(Data in this exercise begins)

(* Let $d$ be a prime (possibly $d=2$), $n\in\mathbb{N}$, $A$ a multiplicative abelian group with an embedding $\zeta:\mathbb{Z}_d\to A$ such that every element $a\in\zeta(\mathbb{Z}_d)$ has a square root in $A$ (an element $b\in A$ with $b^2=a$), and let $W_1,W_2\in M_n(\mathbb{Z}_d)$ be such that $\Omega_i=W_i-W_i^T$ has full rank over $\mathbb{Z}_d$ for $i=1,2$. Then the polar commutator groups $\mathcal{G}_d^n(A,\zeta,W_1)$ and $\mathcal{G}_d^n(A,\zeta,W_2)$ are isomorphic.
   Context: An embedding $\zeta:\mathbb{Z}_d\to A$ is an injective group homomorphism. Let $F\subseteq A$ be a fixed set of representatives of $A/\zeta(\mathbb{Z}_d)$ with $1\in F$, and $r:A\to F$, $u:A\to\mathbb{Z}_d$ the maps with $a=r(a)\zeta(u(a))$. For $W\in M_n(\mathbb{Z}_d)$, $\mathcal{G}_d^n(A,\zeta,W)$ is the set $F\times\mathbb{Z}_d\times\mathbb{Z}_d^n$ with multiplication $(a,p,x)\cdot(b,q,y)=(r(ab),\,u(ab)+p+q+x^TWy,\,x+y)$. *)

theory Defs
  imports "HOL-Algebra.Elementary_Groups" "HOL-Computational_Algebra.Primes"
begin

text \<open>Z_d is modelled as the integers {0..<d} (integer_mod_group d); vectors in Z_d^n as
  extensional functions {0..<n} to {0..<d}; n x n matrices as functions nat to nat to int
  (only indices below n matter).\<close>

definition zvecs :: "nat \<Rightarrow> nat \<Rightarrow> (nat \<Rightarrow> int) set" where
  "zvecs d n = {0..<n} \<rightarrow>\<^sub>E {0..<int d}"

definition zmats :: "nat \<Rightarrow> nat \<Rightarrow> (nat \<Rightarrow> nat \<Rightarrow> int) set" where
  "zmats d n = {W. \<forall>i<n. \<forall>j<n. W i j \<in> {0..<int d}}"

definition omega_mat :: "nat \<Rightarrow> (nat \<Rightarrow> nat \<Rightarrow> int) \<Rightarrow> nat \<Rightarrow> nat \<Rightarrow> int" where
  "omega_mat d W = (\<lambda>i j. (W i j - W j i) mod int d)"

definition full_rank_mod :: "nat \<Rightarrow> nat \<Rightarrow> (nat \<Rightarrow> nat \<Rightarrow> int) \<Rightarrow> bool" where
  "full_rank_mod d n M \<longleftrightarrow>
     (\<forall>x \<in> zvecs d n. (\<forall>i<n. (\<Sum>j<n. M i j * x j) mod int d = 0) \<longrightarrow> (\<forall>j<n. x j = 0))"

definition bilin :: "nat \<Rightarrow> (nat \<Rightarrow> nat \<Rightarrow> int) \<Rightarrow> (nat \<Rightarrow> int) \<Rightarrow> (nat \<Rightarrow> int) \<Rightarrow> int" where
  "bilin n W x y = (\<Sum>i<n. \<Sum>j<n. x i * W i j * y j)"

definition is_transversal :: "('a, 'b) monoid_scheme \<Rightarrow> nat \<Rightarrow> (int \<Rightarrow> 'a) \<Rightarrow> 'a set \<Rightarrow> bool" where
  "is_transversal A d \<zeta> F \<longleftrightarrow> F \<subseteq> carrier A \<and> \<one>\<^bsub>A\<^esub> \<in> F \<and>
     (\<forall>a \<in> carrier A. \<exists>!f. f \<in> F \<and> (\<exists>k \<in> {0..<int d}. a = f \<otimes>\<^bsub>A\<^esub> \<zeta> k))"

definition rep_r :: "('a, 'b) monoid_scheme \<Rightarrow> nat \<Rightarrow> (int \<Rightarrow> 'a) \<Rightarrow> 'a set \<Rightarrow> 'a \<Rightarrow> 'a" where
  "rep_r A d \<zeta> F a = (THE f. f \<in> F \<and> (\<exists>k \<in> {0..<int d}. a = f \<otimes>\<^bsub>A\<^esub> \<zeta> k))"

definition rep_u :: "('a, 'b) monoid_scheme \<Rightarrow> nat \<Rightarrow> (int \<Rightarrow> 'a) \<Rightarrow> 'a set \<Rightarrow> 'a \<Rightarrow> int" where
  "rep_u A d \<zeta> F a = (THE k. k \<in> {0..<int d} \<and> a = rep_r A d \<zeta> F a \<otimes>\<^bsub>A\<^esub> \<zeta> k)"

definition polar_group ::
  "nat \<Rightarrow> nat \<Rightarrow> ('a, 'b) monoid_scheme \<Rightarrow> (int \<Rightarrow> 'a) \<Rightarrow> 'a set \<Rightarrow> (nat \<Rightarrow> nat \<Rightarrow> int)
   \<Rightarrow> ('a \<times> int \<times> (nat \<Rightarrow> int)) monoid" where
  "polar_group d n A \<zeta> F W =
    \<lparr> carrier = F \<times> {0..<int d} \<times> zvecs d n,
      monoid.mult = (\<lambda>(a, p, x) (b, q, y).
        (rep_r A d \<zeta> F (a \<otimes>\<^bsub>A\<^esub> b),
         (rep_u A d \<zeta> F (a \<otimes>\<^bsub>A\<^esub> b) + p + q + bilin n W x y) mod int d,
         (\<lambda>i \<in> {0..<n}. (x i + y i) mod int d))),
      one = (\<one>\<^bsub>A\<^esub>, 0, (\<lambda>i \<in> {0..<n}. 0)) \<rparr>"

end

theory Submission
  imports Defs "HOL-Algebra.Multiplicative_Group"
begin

(Data in this exercise ends)
(Data in this exercise begins)

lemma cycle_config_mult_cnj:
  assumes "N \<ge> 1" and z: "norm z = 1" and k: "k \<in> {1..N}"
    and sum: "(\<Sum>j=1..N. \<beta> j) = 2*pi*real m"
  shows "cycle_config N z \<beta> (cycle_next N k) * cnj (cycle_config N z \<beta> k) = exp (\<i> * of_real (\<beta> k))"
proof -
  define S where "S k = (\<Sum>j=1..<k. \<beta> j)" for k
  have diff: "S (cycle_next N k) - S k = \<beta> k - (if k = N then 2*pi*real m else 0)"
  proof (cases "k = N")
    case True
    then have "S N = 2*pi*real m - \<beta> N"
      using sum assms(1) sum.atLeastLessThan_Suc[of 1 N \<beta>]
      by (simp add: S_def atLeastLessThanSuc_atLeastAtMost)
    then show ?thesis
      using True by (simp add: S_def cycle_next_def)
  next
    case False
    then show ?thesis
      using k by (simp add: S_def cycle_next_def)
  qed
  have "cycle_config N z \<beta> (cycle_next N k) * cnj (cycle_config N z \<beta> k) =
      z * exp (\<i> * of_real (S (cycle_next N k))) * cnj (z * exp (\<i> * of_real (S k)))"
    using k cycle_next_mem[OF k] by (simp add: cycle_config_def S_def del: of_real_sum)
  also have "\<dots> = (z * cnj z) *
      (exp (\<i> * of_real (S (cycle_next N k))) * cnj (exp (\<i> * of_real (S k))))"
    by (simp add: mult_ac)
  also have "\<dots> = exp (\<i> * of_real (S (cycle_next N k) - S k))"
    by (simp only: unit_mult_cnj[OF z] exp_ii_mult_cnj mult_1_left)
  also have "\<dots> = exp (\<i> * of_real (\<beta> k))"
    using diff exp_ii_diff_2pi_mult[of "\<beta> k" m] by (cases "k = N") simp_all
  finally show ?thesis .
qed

(Data in this exercise ends)

▸ What you will do
From the entries above, print the lines beginning at the one with "W i j \<in>" and stopping after the one with "nat \<Rightarrow> int) \<Rightarrow> (nat", exactly as written and with nothing else.

▸ Worked solution
  "zmats d n = {W. \<forall>i<n. \<forall>j<n. W i j \<in> {0..<int d}}"

definition omega_mat :: "nat \<Rightarrow> (nat \<Rightarrow> nat \<Rightarrow> int) \<Rightarrow> nat \<Rightarrow> nat \<Rightarrow> int" where
  "omega_mat d W = (\<lambda>i j. (W i j - W j i) mod int d)"

definition full_rank_mod :: "nat \<Rightarrow> nat \<Rightarrow> (nat \<Rightarrow> nat \<Rightarrow> int) \<Rightarrow> bool" where
  "full_rank_mod d n M \<longleftrightarrow>
     (\<forall>x \<in> zvecs d n. (\<forall>i<n. (\<Sum>j<n. M i j * x j) mod int d = 0) \<longrightarrow> (\<forall>j<n. x j = 0))"

definition bilin :: "nat \<Rightarrow> (nat \<Rightarrow> nat \<Rightarrow> int) \<Rightarrow> (nat \<Rightarrow> int) \<Rightarrow> (nat \<Rightarrow> int) \<Rightarrow> int" where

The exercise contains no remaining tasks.